M42 Premiere bei 1400 mm in RGB

  • Hallo zusammen!


    Nach diesem aus Deepsky-Sicht fürchterlichen Winter hier bei Würzburg - entweder Dauergrau oder sternenklar mit Vollmond - brachte die vergangene Woche endlich den langersehnten dunklen Sternenhimmel :)


    Das wurde genutzt für meinen allerersten Versuch am Orionnebel mit dem 8“ EHD auf AVX und ASI071MC Pro.
    Drei Abende waren für’s Photonensammeln geeignet. Die Montierung bzw. die RA/Dec-Motoren sind mit dem Gewicht so ziemlich am Limit, daher hatte ich einige Guidingfehler und Ausschuss :-/


    Die Daten zur Aufnahme stehen größtenteils in der Bildunterschrift. Weitere Parameter:


    Transparenz: Bortle 7
    Seeing: gut - mäßig
    Belichtung: 567 x 30 sec verwertbar
    Chiptemp.: -20°C
    Flats: 88
    Darks: > 200
    Bias: 100
    Bearbeitung: DSS + Photoshop CC 2019 (hauptsächlich CameraRAW-Modul)


    Mit dem Ergebnis bin ich sehr zufrieden. Es entschädigt für die lange astrofreie Zeit der letzten Monate :)



    Die volle Auflösung findet ihr hier bei AstroBin: https://www.astrobin.com/393491/


    Übrigens entstanden die Spikes durch zwei Drähte vor dem Tubus. Ist wie alles im Leben: Geschmacksache ;)
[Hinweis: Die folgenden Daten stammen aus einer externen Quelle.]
text \<open>For \<open>2n \<le> p < 2n + 2\<close> the power \<open>\<bar>z\<bar>\<^sup>p\<close> lies below the chord between
  \<open>z\<^sup>2\<^sup>n\<close> and \<open>z\<^sup>2\<^sup>n\<^sup>+\<^sup>2\<close>, whose Gaussian integrals are the double factorials.\<close>
lemma std_normal_abs_moment_le:
  fixes p :: real
  assumes p: "p \<ge> 1"
  shows "(\<integral>\<^sup>+z. ennreal (std_normal_density z * \<bar>z\<bar> powr p) \<partial>lborel) \<le> ennreal (p powr (p / 2))"
proof -
  define n where "n = nat \<lfloor>p / 2\<rfloor>"
  have n: "2 * real n \<le> p" "p < 2 * real n + 2" using p unfolding n_def by linarith+
  define \<theta> where "\<theta> = (2 * real n + 2 - p) / 2"
  have \<theta>: "0 \<le> \<theta>" "\<theta> \<le> 1" "p = \<theta> * (2 * n) + (1 - \<theta>) * (2 * n + 2)"
    using n by (auto simp: \<theta>_def field_simps)
  define f where "f z = std_normal_density z * (\<theta> * z ^ (2 * n) + (1 - \<theta>) * z ^ (2 * Suc n))" for z
  have "has_bochner_integral lborel
      (\<lambda>z. \<theta> * (std_normal_density z * z ^ (2 * n)) + (1 - \<theta>) * (std_normal_density z * z ^ (2 * Suc n)))
      (\<theta> * std_normal_even_moment n + (1 - \<theta>) * std_normal_even_moment (Suc n))"
    unfolding std_normal_even_moment_def
    by (intro has_bochner_integral_add has_bochner_integral_mult_right std_normal_moment_even)
  moreover have "(\<lambda>z. \<theta> * (std_normal_density z * z ^ (2 * n)) + (1 - \<theta>) * (std_normal_density z * z ^ (2 * Suc n))) = f"
    by (auto simp: f_def algebra_simps)
  ultimately have "has_bochner_integral lborel f
      (\<theta> * std_normal_even_moment n + (1 - \<theta>) * std_normal_even_moment (Suc n))"
    by simp
  moreover have "0 \<le> f z" for z
    using \<theta> unfolding f_def
    by (intro mult_nonneg_nonneg add_nonneg_nonneg) (auto simp only: power_mult zero_le_power2 zero_le_power normal_density_nonneg)
  ultimately have integral_f: "(\<integral>\<^sup>+z. ennreal (f z) \<partial>lborel)
      = ennreal (\<theta> * std_normal_even_moment n + (1 - \<theta>) * std_normal_even_moment (Suc n))"
    by (subst nn_integral_eq_integral) (auto simp: has_bochner_integral_iff)
  have "(\<integral>\<^sup>+z. ennreal (std_normal_density z * \<bar>z\<bar> powr p) \<partial>lborel) \<le> (\<integral>\<^sup>+z. ennreal (f z) \<partial>lborel)"
    unfolding f_def using abs_powr_le_convex_comb_even_powers[OF \<theta>]
    by (intro nn_integral_mono ennreal_leI mult_left_mono) simp_all
  also have "\<dots> \<le> ennreal (p powr (p / 2))"
    unfolding integral_f using std_normal_even_moment_interpolation_le[OF p n] by (simp add: \<theta>_def)
  finally show ?thesis .
qed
    Schönes Wochenende und clear skies!


    Marco

  • Hallo Mario,
    das ist eine sehr saubere Arbeit. Glückwunsch!
    Auffällig ist die sehr differenzierte Farbwiedergabe zwischen roten und bläulichen Nebelschleiern, das wirkt dann fast räumlich. Das Zentrum ist sehr scharf, Komponente E ist da, guten Mittelweg in der Bearbeitung gefunden (finde ich). Wenn ich so einen guten M42 sehr dann suche ich als zweites immer nach den Proplyds. Ein paar hellere sind da, könnte man evtl. noch heraus kitzeln, aber ganz sauber abgebildet ist die dunkle Staubscheibe. Klasse!
    Viele Grüße,
    ralf


    PS.: Die Spikes finde ich o.k. und die verwendete Schrift ist cool.

  • Vielen Dank Ralf,


    deine Beiträge schätze ich immer sehr. Auf die Idee, nach den Proplyds (der Name der Dinger war mir bislang unbekannt) zu suchen, bin ich noch gar nicht gekommen :) Aber stimmt, einige sind in der Vollauflösung im Vergleich mit dem HST-Bild gut zu erkennen. Hätte ich nicht für möglich gehalten.
    Danke für den Tipp!


    Gruß, Marco

  • Herzlichen Dank Josef!


    Hier noch ein kleines Update:


    Für die Identifizierung der Proplyds habe ich vorhin ein pixelgenaues Overlay mit dem bekannten Hubble-Foto aus dem Jahr 2004/2005 erstellt. Dabei sind mir zwei andere interessante Details aufgefallen:


    Im Randbereich der hellen Zentralregion gibt es - scheinbar - leichte Veränderungen zwischen der Aufnahme des HST und der aktuellen (siehe Pfeile in der Animation). Man muss schon genau hinschauen, aber ich hoffe, man kann's erkennen. Jetzt ist die Frage, ob es sich nur um eine optische Täuschung handelt (was ich annehme, nämlich eine seeingbedingte Vergrößerung der Objekte) oder können es tatsächlich minimale Gasausdehnungen sein?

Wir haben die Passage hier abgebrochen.